(Data excerpts)
##############################
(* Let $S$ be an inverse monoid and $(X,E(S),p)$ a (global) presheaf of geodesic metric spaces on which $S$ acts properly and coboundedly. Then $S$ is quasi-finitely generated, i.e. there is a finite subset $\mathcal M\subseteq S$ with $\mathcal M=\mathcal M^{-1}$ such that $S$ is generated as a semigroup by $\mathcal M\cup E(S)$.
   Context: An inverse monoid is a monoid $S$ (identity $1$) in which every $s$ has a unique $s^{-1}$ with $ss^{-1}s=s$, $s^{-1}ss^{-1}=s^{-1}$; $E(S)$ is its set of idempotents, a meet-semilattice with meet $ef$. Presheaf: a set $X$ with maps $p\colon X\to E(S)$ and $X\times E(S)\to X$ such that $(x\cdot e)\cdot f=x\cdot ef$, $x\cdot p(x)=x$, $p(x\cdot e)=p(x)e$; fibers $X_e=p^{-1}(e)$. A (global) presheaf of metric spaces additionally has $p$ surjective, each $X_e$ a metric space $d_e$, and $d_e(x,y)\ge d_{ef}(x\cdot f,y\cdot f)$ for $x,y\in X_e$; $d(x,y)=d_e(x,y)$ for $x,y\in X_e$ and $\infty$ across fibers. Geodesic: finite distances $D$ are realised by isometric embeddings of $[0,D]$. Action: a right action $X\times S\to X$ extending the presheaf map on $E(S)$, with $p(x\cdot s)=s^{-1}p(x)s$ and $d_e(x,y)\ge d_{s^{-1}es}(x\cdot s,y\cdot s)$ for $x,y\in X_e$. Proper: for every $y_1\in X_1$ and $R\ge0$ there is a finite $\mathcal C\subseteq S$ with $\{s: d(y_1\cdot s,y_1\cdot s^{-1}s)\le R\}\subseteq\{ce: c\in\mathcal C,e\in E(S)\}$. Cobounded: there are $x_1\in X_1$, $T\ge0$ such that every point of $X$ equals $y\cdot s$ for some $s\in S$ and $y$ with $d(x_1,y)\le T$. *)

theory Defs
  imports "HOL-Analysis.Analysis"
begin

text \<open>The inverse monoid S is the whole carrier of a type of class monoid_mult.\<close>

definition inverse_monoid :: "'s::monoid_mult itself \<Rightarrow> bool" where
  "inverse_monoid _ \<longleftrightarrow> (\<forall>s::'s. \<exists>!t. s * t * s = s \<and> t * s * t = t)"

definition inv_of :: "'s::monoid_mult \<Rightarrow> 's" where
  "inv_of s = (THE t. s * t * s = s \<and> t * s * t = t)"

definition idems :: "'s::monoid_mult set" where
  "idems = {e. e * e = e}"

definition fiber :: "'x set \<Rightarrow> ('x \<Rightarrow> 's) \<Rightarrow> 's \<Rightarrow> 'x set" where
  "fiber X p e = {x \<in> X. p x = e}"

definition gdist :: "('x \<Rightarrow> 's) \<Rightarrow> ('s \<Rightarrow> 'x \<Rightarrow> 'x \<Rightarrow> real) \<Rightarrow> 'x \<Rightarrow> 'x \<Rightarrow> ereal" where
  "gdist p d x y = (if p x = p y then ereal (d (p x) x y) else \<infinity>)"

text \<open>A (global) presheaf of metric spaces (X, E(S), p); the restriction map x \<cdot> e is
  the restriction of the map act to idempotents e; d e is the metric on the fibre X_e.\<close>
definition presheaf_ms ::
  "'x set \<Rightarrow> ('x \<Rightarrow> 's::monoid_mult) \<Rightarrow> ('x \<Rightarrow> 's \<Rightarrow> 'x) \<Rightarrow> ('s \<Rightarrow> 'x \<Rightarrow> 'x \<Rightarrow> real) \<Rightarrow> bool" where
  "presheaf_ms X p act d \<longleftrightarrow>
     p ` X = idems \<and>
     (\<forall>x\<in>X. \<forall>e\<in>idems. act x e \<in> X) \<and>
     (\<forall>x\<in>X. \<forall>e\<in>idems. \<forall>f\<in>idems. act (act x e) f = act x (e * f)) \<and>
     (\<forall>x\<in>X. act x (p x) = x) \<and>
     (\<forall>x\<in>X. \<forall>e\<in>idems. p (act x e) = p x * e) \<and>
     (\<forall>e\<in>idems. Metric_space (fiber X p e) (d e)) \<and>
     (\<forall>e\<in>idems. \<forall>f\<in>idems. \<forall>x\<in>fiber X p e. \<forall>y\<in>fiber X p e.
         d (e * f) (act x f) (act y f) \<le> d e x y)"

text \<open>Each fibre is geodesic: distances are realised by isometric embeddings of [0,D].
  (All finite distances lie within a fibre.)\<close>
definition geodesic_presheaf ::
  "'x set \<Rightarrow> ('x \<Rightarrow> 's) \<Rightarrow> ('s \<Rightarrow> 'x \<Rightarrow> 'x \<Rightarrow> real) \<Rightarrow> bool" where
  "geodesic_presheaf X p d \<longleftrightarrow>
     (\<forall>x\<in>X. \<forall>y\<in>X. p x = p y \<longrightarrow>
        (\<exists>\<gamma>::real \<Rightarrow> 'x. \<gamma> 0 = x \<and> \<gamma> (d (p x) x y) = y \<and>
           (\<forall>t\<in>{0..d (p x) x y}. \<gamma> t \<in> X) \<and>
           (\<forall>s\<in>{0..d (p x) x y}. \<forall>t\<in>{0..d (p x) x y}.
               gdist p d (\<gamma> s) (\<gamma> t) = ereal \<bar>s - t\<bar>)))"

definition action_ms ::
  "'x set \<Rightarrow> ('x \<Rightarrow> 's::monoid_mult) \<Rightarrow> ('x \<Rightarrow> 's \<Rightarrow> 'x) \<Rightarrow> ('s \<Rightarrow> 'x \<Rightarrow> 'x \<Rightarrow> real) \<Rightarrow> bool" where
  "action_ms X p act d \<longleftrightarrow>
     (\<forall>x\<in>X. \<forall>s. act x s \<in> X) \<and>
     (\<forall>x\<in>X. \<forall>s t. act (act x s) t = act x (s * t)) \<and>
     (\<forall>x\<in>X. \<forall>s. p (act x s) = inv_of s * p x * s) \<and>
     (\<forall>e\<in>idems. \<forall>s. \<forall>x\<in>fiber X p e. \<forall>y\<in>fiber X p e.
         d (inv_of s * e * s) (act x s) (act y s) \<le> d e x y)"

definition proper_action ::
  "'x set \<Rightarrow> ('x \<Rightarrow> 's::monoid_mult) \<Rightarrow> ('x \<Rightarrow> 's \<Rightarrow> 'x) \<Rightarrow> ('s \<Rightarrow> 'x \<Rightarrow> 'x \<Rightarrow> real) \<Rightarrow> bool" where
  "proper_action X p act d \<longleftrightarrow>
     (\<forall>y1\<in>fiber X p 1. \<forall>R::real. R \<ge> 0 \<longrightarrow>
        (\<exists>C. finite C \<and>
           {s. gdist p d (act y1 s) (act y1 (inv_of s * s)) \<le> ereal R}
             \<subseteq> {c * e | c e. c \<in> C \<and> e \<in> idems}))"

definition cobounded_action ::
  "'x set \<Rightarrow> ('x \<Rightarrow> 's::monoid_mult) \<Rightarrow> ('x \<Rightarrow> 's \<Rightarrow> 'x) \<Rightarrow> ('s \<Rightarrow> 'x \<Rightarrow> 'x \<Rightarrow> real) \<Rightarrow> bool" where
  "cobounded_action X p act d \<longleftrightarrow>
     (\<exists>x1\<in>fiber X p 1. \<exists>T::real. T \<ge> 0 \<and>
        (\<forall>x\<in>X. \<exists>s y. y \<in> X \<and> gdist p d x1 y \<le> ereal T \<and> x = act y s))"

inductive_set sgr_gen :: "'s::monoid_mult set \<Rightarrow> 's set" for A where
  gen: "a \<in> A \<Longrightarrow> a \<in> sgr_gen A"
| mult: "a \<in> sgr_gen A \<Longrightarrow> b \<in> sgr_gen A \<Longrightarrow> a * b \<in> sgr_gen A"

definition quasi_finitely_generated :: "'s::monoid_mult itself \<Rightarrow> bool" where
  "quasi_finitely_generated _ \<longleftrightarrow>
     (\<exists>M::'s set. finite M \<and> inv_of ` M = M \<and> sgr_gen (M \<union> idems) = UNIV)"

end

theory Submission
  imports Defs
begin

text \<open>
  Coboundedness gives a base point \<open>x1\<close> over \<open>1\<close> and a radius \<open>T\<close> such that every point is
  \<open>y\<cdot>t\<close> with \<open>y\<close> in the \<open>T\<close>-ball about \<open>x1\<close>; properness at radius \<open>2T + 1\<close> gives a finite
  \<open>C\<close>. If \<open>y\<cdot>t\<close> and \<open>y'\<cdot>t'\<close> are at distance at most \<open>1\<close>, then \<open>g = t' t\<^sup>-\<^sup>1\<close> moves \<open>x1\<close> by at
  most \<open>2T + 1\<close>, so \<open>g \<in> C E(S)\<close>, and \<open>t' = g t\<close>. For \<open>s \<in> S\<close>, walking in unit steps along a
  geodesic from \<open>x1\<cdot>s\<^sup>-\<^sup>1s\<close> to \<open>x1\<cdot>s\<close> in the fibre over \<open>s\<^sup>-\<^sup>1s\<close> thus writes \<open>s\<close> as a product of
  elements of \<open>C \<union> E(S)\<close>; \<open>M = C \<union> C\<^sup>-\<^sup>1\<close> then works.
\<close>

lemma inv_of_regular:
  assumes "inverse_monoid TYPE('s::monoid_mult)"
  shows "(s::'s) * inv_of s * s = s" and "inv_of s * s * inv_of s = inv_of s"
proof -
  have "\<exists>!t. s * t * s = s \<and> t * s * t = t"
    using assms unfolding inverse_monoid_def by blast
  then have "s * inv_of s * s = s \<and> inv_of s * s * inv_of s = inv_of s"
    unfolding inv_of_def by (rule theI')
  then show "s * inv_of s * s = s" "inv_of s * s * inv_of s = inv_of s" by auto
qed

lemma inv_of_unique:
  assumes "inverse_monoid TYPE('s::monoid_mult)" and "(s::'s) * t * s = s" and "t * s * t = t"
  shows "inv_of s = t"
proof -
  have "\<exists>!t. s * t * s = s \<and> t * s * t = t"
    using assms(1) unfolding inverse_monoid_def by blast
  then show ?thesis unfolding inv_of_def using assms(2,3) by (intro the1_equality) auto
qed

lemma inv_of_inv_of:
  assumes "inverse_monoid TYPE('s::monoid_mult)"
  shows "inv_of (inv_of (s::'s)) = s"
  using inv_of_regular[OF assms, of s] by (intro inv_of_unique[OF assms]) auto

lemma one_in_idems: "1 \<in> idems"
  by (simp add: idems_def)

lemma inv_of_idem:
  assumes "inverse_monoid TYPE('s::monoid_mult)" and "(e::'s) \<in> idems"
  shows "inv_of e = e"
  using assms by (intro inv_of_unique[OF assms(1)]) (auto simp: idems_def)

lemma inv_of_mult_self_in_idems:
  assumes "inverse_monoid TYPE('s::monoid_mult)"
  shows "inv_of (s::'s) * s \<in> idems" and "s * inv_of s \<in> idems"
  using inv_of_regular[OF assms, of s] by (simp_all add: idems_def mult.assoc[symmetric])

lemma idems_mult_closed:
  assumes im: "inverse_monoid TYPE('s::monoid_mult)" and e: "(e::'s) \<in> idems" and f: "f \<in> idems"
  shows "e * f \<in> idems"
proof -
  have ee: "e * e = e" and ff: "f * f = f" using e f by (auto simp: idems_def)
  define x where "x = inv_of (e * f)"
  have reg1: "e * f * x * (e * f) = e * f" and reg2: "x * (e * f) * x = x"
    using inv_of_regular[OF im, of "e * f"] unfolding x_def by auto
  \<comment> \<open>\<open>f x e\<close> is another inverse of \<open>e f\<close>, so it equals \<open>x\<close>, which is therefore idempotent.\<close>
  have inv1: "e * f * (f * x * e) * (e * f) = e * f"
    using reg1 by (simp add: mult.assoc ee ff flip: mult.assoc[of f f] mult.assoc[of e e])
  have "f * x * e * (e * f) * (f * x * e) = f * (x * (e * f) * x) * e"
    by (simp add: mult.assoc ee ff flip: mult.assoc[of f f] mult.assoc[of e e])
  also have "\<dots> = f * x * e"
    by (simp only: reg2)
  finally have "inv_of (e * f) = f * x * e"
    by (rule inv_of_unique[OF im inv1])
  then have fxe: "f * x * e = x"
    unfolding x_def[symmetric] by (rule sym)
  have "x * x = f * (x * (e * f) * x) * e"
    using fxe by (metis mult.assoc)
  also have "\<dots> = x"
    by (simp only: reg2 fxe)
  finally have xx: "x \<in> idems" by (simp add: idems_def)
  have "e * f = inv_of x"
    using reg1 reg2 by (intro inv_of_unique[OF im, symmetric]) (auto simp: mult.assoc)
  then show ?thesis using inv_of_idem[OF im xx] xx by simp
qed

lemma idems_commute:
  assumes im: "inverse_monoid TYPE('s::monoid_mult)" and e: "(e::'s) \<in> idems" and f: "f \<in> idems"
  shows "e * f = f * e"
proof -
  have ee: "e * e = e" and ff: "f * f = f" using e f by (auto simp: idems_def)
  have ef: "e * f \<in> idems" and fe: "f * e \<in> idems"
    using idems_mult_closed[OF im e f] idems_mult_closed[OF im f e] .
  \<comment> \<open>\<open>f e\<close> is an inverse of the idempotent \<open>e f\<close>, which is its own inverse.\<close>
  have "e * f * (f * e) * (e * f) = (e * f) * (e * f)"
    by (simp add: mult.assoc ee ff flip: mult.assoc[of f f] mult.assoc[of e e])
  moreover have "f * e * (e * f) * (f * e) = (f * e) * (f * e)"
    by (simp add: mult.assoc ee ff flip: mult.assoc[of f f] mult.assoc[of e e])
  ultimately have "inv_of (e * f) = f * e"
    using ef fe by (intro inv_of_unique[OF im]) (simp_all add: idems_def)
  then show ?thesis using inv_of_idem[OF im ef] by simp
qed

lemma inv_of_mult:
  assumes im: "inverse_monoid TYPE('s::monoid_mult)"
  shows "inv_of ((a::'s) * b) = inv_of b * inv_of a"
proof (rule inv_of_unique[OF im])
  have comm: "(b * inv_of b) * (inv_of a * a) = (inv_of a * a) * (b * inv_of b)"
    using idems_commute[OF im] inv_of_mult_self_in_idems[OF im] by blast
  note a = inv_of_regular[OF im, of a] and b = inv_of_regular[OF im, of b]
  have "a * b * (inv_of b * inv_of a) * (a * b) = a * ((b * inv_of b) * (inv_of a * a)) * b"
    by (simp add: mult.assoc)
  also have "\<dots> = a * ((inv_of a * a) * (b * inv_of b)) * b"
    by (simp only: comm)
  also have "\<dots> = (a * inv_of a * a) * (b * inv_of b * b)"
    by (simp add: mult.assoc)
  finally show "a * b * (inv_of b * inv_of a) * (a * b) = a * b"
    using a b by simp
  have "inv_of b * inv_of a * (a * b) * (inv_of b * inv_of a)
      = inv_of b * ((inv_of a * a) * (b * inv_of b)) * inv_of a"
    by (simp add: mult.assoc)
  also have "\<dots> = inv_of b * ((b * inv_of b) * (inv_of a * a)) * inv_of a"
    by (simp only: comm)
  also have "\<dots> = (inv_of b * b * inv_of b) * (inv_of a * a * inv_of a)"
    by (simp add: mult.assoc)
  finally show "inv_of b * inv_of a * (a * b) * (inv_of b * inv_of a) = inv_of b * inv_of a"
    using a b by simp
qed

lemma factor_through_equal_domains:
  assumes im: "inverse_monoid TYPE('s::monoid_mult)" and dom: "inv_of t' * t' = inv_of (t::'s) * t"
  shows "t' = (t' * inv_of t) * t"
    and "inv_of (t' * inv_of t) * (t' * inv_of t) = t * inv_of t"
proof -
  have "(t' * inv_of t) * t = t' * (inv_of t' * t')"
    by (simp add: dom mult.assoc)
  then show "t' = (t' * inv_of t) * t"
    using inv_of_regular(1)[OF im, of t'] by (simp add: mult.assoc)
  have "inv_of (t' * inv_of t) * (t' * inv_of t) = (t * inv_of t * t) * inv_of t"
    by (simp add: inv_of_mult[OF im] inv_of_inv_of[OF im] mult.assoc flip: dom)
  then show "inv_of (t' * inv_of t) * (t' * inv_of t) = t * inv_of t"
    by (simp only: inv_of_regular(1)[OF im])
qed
##############################
◆ What is expected ◆
What this exercise asks for is every line of the data above with the word "most".

◆ Response ◆
  \<open>C\<close>. If \<open>y\<cdot>t\<close> and \<open>y'\<cdot>t'\<close> are at distance at most \<open>1\<close>, then \<open>g = t' t\<^sup>-\<^sup>1\<close> moves \<open>x1\<close> by at
  most \<open>2T + 1\<close>, so \<open>g \<in> C E(S)\<close>, and \<open>t' = g t\<close>. For \<open>s \<in> S\<close>, walking in unit steps along a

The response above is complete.